In this we argue that health is not only a consumption good that adds to
wellbeing, but also an investment good that increases the future productive
power of individuals and the economy.
Health has a direct effect on the productivity of workers. Together with the
moral argument, worker productivity is the main mechanism put forward
by the World Health Organization (2001, 2002) to justify increased
transfers to developing countries for health spending.
However, there are also more indirect mechanisms through which health
can influence productivity. These indirect mechanisms, while less obvious,
may be more important in practice.
One indirect mechanism is that health can be a complementary input to
other forms of human capital. There is a great deal of empirical evidence
that productivity and wages rise with education levels and worker job
experience.
These returns may be higher for healthy workers so that the gains from
education and work experience accrue mainly to healthy workers who are
working. In addition, these higher returns may induce greater investment in
education and on-the-job training when workers are healthy. Ill health and
premature death essentially lead to wasted investment in human capital and
reduce the incentive to invest in people.

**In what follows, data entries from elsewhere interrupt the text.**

lemma mult_preimage_subset:
  fixes L :: "('n::finite \<Rightarrow> int) set"
  assumes L3: "sublattice L3" and "L \<subseteq> L3" and "coprime m q" and q: "\<And>v. of_nat q * v \<in> L3"
  shows "mult_preimage m L \<subseteq> L3"
proof
  obtain u w :: int where uw: "\<And>v :: 'n \<Rightarrow> int. v = of_int u * (of_nat m * v) + of_int w * (of_nat q * v)"
    using coprime_combination[OF \<open>coprime m q\<close>] by blast
  fix v assume "v \<in> mult_preimage m L"
  then have "of_int u * (of_nat m * v) + of_int w * (of_nat q * v) \<in> L3"
    using \<open>L \<subseteq> L3\<close> q
    by (auto simp: mult_preimage_def intro!: sublattice_add[OF L3] sublattice_of_int_mult[OF L3])
  then show "v \<in> L3" using uw[of v] by simp
qed

lemma coprime_factorization_unique:
  fixes m q a b :: nat
  assumes "coprime m q" "m > 0" "q > 0" "m * q = a * b" "a dvd m ^ k1" "b dvd q ^ k2"
  shows "a = m \<and> b = q"
proof -
  have "coprime (m ^ k1) q" "coprime (q ^ k2) m"
    using assms(1) by (simp_all add: coprime_commute)
  then have "coprime a q" "coprime b m"
    using assms(5,6) coprime_divisors[OF _ dvd_refl] by blast+
  moreover have "a dvd m * q" "b dvd m * q"
    using assms(4) by simp_all
  ultimately have "a dvd m" "b dvd q"
    using coprime_dvd_mult_left_iff coprime_dvd_mult_right_iff by blast+
  then have "a \<le> m" "b \<le> q"
    using assms(2,3) by (simp_all add: dvd_imp_le)
  then have "a * q = m * q"
    using assms(4) mult_le_mono1[of a m q] mult_le_mono2[of b q a] by linarith
  then have "a = m" using assms(3) by simp
  then show ?thesis using assms(2,4) by simp
qed

lemma prime_power_coprime:
  fixes p q :: nat
  assumes "prime p" "\<not> p dvd q"
  shows "coprime (p ^ \<alpha>) q" "p ^ \<alpha> > 0" "q > 0"
  using assms by (auto simp: prime_imp_coprime coprime_power_left_iff prime_gt_0_nat intro: gr0I)

context
  fixes L :: "('n::finite \<Rightarrow> int) set" and m q :: nat
  assumes L: "sublattice L" and index: "lat_index L = m * q"
    and coprime: "coprime m q" and pos: "m > 0" "q > 0"
begin

lemma mult_mem_mult_preimage: "of_nat m * v \<in> mult_preimage q L" "of_nat q * v \<in> mult_preimage m L"
  using lat_index_mult_mem[OF L, of v] index pos by (auto simp: mult_preimage_def mult_ac)
lemma lambdaH_s_const_dist:
  fixes zh z0h :: "nat \<Rightarrow> real"
  assumes close: "\<forall>i<r. \<bar>zh i - z0h i\<bar> + real D / real N \<le> e"
    and bounded: "\<forall>i<r. \<bar>z0h i\<bar> + e \<le> B" and B: "1 \<le> B" and e: "0 \<le> e"
    and coef: "\<forall>i<r. y k (d + i) \<le> D"
  shows "\<bar>lambdaH d r y N zh k - s_const d r y z0h k\<bar> \<le> B ^ (r * D) * (real (r * D) * e)"
proof -
  define S where "S = Sigma {..<r} (\<lambda>i. {..<y k (d + i)})"
  have lambdaH: "lambdaH d r y N zh k = (\<Prod>p\<in>S. zh (fst p) - real (snd p) / real N)"
    unfolding lambdaH_def S_def by (subst prod.Sigma) (auto simp: split_beta)
  have "(\<Prod>p\<in>S. z0h (fst p)) = (\<Prod>i<r. \<Prod>j<y k (d + i). z0h i)"
    unfolding S_def by (subst prod.Sigma) (auto simp: split_beta)
  then have s_const: "s_const d r y z0h k = (\<Prod>p\<in>S. z0h (fst p))"
    by (simp add: s_const_def)
  have card: "card S \<le> r * D"
  proof -
    have "card S = (\<Sum>i<r. y k (d + i))"
      unfolding S_def by (simp add: card_SigmaI)
    also have "\<dots> \<le> (\<Sum>i<r. D)"
      using coef by (intro sum_mono) auto
    finally show ?thesis by simp
  qed
  have factor_dist: "\<bar>zh (fst p) - real (snd p) / real N - z0h (fst p)\<bar> \<le> e"
    and factor_bound: "\<bar>z0h (fst p)\<bar> + e \<le> B" if "p \<in> S" for p
  proof -
    have i: "fst p < r" and "snd p < y k (d + fst p)"
      using that by (auto simp: S_def)
    then have "real (snd p) / real N \<le> real D / real N"
      using coef by (auto intro!: divide_right_mono)
    moreover have "0 \<le> real (snd p) / real N"
      by simp
    moreover note close[rule_format, OF i]
    ultimately show "\<bar>zh (fst p) - real (snd p) / real N - z0h (fst p)\<bar> \<le> e"
      by (smt (verit))
    show "\<bar>z0h (fst p)\<bar> + e \<le> B"
      using bounded i by blast
  qed
  have "\<bar>lambdaH d r y N zh k - s_const d r y z0h k\<bar>
      \<le> B ^ card S * (\<Sum>p\<in>S. \<bar>zh (fst p) - real (snd p) / real N - z0h (fst p)\<bar>)"
    unfolding lambdaH s_const
  proof (rule abs_prod_diff_le[OF _ _ B])
    fix p assume "p \<in> S"
    with factor_dist[OF this] factor_bound[OF this] e
    show "\<bar>z0h (fst p)\<bar> \<le> B" and "\<bar>zh (fst p) - real (snd p) / real N\<bar> \<le> B"
      by (smt (verit))+
  qed
  also have "\<dots> \<le> B ^ card S * (\<Sum>p\<in>S. e)"
    using factor_dist B by (intro mult_left_mono sum_mono) auto
  also have "\<dots> \<le> B ^ (r * D) * (real (r * D) * e)"
    using B e card by (simp only: sum_constant) (intro mult_mono power_increasing; simp flip: of_nat_mult)
  finally show ?thesis .
qed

Another indirect benefit of improvements in health is that the prospective
life span of healthier workers is longer.
Long life spans increase the need for retirement income. In countries with
low life expectancy the prospect of retiring is remote. Once longer
lifespans become common, retirement becomes a real possibility and
workers have to consider saving for their retirement.
In developed countries savings for retirement is the main source of
investment funds. Increasing longevity can generate the need for retirement
income and set off a savings and investment boom.
Finally, reductions in mortality rates change the age structure of the
population. Initially, health improvements tend to reduce the mortality rates
of infants and children who are particularly susceptible to disease.